But I have to say that I think the 45 lines rule is not the best criterion.
Lots of scripts which are of the form "move these files around, run this
command on the files, mangle the output, send it to this command to summarize,
send to another command to pretty-print" can be long in line count, but are
really well-done in shell. Basically, operation sequencing, and/or line-by-
line file processing.

Shell makes it easy to ensure tempfiles are deleted, to catch signals, to
automatically check error status of each and every command.

As you note, sometimes shell is "contraindicated" (as they say in medicine).
Anything needing data structures, or abstraction beyond simple functions, is
not so good for shell.

------
sidman
I think the blogs comments regarding javascript are less true then that
regarding shell as javascript is becoming a core language no longer only
active in the web "glue language" domain.

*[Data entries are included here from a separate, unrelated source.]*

(* Let $p$ be a prime, $M$ an $m'\times m$ matrix over $\mathbb{F}_p$, $1\le L\le p$ an integer, and $\mathbf{L}=(L_1,\dots,L_m)$ integers with $L\le L_i\le2L$. Then for every $\mathbf{b}\in\mathbb{Z}^{m'}$, $$|\{\mathbf{x}\in D_{\mathbf{L}}:M\mathbf{x}\equiv\mathbf{b}\pmod p\}|\ll_m|\{\mathbf{x}\in D_{\mathbf{L}}:M\mathbf{x}\equiv\mathbf{0}\pmod p\}|.$$
   Context: $D_{\mathbf{L}}=\prod_{i=1}^m\{x\in\mathbb{Z}:-L_i\le x\le L_i\}$. *)

theory Defs
  imports Complex_Main "HOL-Number_Theory.Cong"
begin

definition box :: "nat \<Rightarrow> (nat \<Rightarrow> int) \<Rightarrow> (nat \<Rightarrow> int) set" where
  "box m Ls = {x. (\<forall>i<m. - Ls i \<le> x i \<and> x i \<le> Ls i) \<and> (\<forall>i\<ge>m. x i = 0)}"

text \<open>Number of x in D_L with M x = b (mod p), M an m' x m matrix with integer
  representatives of its F_p entries.\<close>
definition sol_count ::
  "int \<Rightarrow> nat \<Rightarrow> nat \<Rightarrow> (nat \<Rightarrow> nat \<Rightarrow> int) \<Rightarrow> (nat \<Rightarrow> int) \<Rightarrow> (nat \<Rightarrow> int) \<Rightarrow> nat" where
  "sol_count p m' m M Ls b =
     card {x \<in> box m Ls. \<forall>j<m'. [(\<Sum>i<m. M j i * x i) = b j] (mod p)}"

end

theory Submission
  imports Defs "HOL-Library.FuncSet"
begin

text \<open>Split the solutions of \<open>M x = b\<close> in the box according to the sign pattern of \<open>x\<close>.
  Subtracting a fixed solution maps those with a given sign pattern injectively into the
  homogeneous solutions: two integers of equal sign in \<open>[-L\<^sub>i, L\<^sub>i]\<close> differ by at most
  \<open>L\<^sub>i\<close> in absolute value.  There are \<open>2^m\<close> sign patterns, so \<open>C = 2^m\<close> works
  for every modulus and every box.\<close>

definition solutions ::
  "int \<Rightarrow> nat \<Rightarrow> nat \<Rightarrow> (nat \<Rightarrow> nat \<Rightarrow> int) \<Rightarrow> (nat \<Rightarrow> int) \<Rightarrow> (nat \<Rightarrow> int) \<Rightarrow> (nat \<Rightarrow> int) set"
  where "solutions p m' m M Ls b =
    {x \<in> box m Ls. \<forall>j<m'. [(\<Sum>i<m. M j i * x i) = b j] (mod p)}"

lemma sol_count_eq_card_solutions: "sol_count p m' m M Ls b = card (solutions p m' m M Ls b)"
  by (simp add: sol_count_def solutions_def)

lemma finite_box: "finite (box m Ls)"
proof -
  let ?ext = "\<lambda>(f::nat \<Rightarrow> int) i. if i < m then f i else 0"
  have "box m Ls \<subseteq> ?ext ` PiE {..<m} (\<lambda>i. {-Ls i..Ls i})"
  proof
    fix x assume x: "x \<in> box m Ls"
    then have "restrict x {..<m} \<in> PiE {..<m} (\<lambda>i. {-Ls i..Ls i})"
      and "x = ?ext (restrict x {..<m})"
      by (auto simp: box_def)
    then show "x \<in> ?ext ` PiE {..<m} (\<lambda>i. {-Ls i..Ls i})" by blast
  qed
  moreover have "finite (PiE {..<m} (\<lambda>i. {-Ls i..Ls i}))" by (intro finite_PiE) auto
  ultimately show ?thesis by (meson finite_imageI finite_subset)
qed

lemma finite_solutions: "finite (solutions p m' m M Ls b)"
  unfolding solutions_def by (rule finite_subset[OF _ finite_box]) blast

lemma diff_in_box_if_same_signs:
  assumes "x \<in> box m Ls" "y \<in> box m Ls" "\<forall>i<m. 0 \<le> x i \<longleftrightarrow> 0 \<le> y i"
  shows "(\<lambda>i. x i - y i) \<in> box m Ls"
  unfolding box_def
proof (intro CollectI conjI allI impI)
  fix i assume "i < m"
  then have "- Ls i \<le> x i" "x i \<le> Ls i" "- Ls i \<le> y i" "y i \<le> Ls i"
    and "0 \<le> x i \<longleftrightarrow> 0 \<le> y i"
    using assms by (auto simp: box_def)
  then show "- Ls i \<le> x i - y i" "x i - y i \<le> Ls i" by (cases "0 \<le> x i"; simp)+
next
  fix i assume "m \<le> i"
  then show "x i - y i = 0" using assms by (simp add: box_def)
qed

lemma diff_of_solutions:
  assumes "x \<in> solutions p m' m M Ls b" "y \<in> solutions p m' m M Ls b"
    and "\<forall>i<m. 0 \<le> x i \<longleftrightarrow> 0 \<le> y i"
  shows "(\<lambda>i. x i - y i) \<in> solutions p m' m M Ls (\<lambda>_. 0)"
proof -
  have "[(\<Sum>i<m. M j i * (x i - y i)) = 0] (mod p)" if "j < m'" for j
  proof -
    have "[(\<Sum>i<m. M j i * x i) - (\<Sum>i<m. M j i * y i) = b j - b j] (mod p)"
      using assms(1,2) \<open>j < m'\<close> by (intro cong_diff) (simp_all add: solutions_def)
    then show ?thesis by (simp add: right_diff_distrib sum_subtractf)
  qed
  moreover have "(\<lambda>i. x i - y i) \<in> box m Ls"
    using assms by (intro diff_in_box_if_same_signs) (simp_all add: solutions_def)
  ultimately show ?thesis by (simp add: solutions_def)
qed

definition sign_class :: "nat \<Rightarrow> nat set \<Rightarrow> (nat \<Rightarrow> int) set"
  where "sign_class m T = {x. \<forall>i<m. 0 \<le> x i \<longleftrightarrow> i \<in> T}"

lemma solutions_eq_UN_sign_class:
  "solutions p m' m M Ls b = (\<Union>T\<in>Pow {..<m}. solutions p m' m M Ls b \<inter> sign_class m T)"
proof (intro equalityI subsetI)
  fix x assume "x \<in> solutions p m' m M Ls b"
  then have "x \<in> solutions p m' m M Ls b \<inter> sign_class m {i. i < m \<and> 0 \<le> x i}"
    by (auto simp: sign_class_def)
  then show "x \<in> (\<Union>T\<in>Pow {..<m}. solutions p m' m M Ls b \<inter> sign_class m T)"
    by (rule UN_I[rotated]) auto
qed auto

lemma card_solutions_sign_class_le:
  "card (solutions p m' m M Ls b \<inter> sign_class m T) \<le> card (solutions p m' m M Ls (\<lambda>_. 0))"
proof (cases "solutions p m' m M Ls b \<inter> sign_class m T = {}")
  case False
  then obtain y where y: "y \<in> solutions p m' m M Ls b \<inter> sign_class m T" by blast
  let ?shift = "\<lambda>x i. x i - y i"
  have "inj_on ?shift (solutions p m' m M Ls b \<inter> sign_class m T)"
    by (rule inj_onI) (simp add: fun_eq_iff)
  moreover have "?shift ` (solutions p m' m M Ls b \<inter> sign_class m T)
      \<subseteq> solutions p m' m M Ls (\<lambda>_. 0)"
  proof (rule image_subsetI)
    fix x assume x: "x \<in> solutions p m' m M Ls b \<inter> sign_class m T"
    have "\<forall>i<m. 0 \<le> x i \<longleftrightarrow> 0 \<le> y i"
      using x y by (simp add: sign_class_def)
    with x y show "?shift x \<in> solutions p m' m M Ls (\<lambda>_. 0)"
      by (intro diff_of_solutions[where b = b]) simp_all
  qed
  ultimately show ?thesis
    by (rule card_inj_on_le[OF _ _ finite_solutions])
qed simp

lemma sol_count_le_pow2_homogeneous:
  "sol_count p m' m M Ls b \<le> 2 ^ m * sol_count p m' m M Ls (\<lambda>_. 0)"
proof -
  have "card (solutions p m' m M Ls b)
      \<le> (\<Sum>T\<in>Pow {..<m}. card (solutions p m' m M Ls b \<inter> sign_class m T))"
    by (subst solutions_eq_UN_sign_class) (rule card_UN_le, simp)
  also have "\<dots> \<le> (\<Sum>T\<in>Pow {..<m}. card (solutions p m' m M Ls (\<lambda>_. 0)))"
    by (intro sum_mono card_solutions_sign_class_le)
  also have "\<dots> = 2 ^ m * card (solutions p m' m M Ls (\<lambda>_. 0))"
    by (simp add: card_Pow)
  finally show ?thesis by (simp add: sol_count_eq_card_solutions)
qed

theorem lemma5p3:
  fixes m :: nat
  shows "\<exists>C :: real. C > 0 \<and>
    (\<forall>(p::int) (m'::nat) (M :: nat \<Rightarrow> nat \<Rightarrow> int) (L::int) (Ls :: nat \<Rightarrow> int) (b :: nat \<Rightarrow> int).
       prime p \<longrightarrow> 1 \<le> L \<longrightarrow> L \<le> p \<longrightarrow> (\<forall>i<m. L \<le> Ls i \<and> Ls i \<le> 2 * L) \<longrightarrow>
       real (sol_count p m' m M Ls b) \<le> C * real (sol_count p m' m M Ls (\<lambda>_. 0)))"
proof (intro exI[of _ "2 ^ m"] conjI allI impI)
  fix p m' M Ls b
  show "real (sol_count p m' m M Ls b) \<le> 2 ^ m * real (sol_count p m' m M Ls (\<lambda>_. 0))"
    using sol_count_le_pow2_homogeneous[of p m' m M Ls b] of_nat_mono by fastforce
qed simp

end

In the web context within HTML it maybe but in terms of mobile development
using tools such as titanium/appcelerator or developing things in node.js,
this requires javascript not as just a glue language but as the core.

In terms of shell, yeh, I think it still applies cause to this day i havn't
seen anyone write a fully blown program completely in shell (thought that
could just be me).

What i noticed in all the places i have worked at, when the shell
script/program starts to get to large its usually slowly migrated to perl or
<insert persons fav scripting language here>.

------
crazydiamond
I've written stuff in shell over many years (I don't claim to be an expert,
just average) but its not always smooth esp when I upgrade or change OS's.
Most shell programs will make calls to other commands. These commands do not
have standard arguments across unixes. Take the OSX (BSD) date and linux's
date. On one machine I may have installed coreutils with default_names, on
another without.

Sometimes, this forces us to make quick trips into perl or awk (to get
yesterday or tomorrow). However, shell scripting has certainly made me more
__productive __over the years. For most of my initial programming life (90's),
I've generated boilerplate code using shell (often with awk).

------
eddardstark
"Node is just more accessible in JavaScript than if it were written in Ruby."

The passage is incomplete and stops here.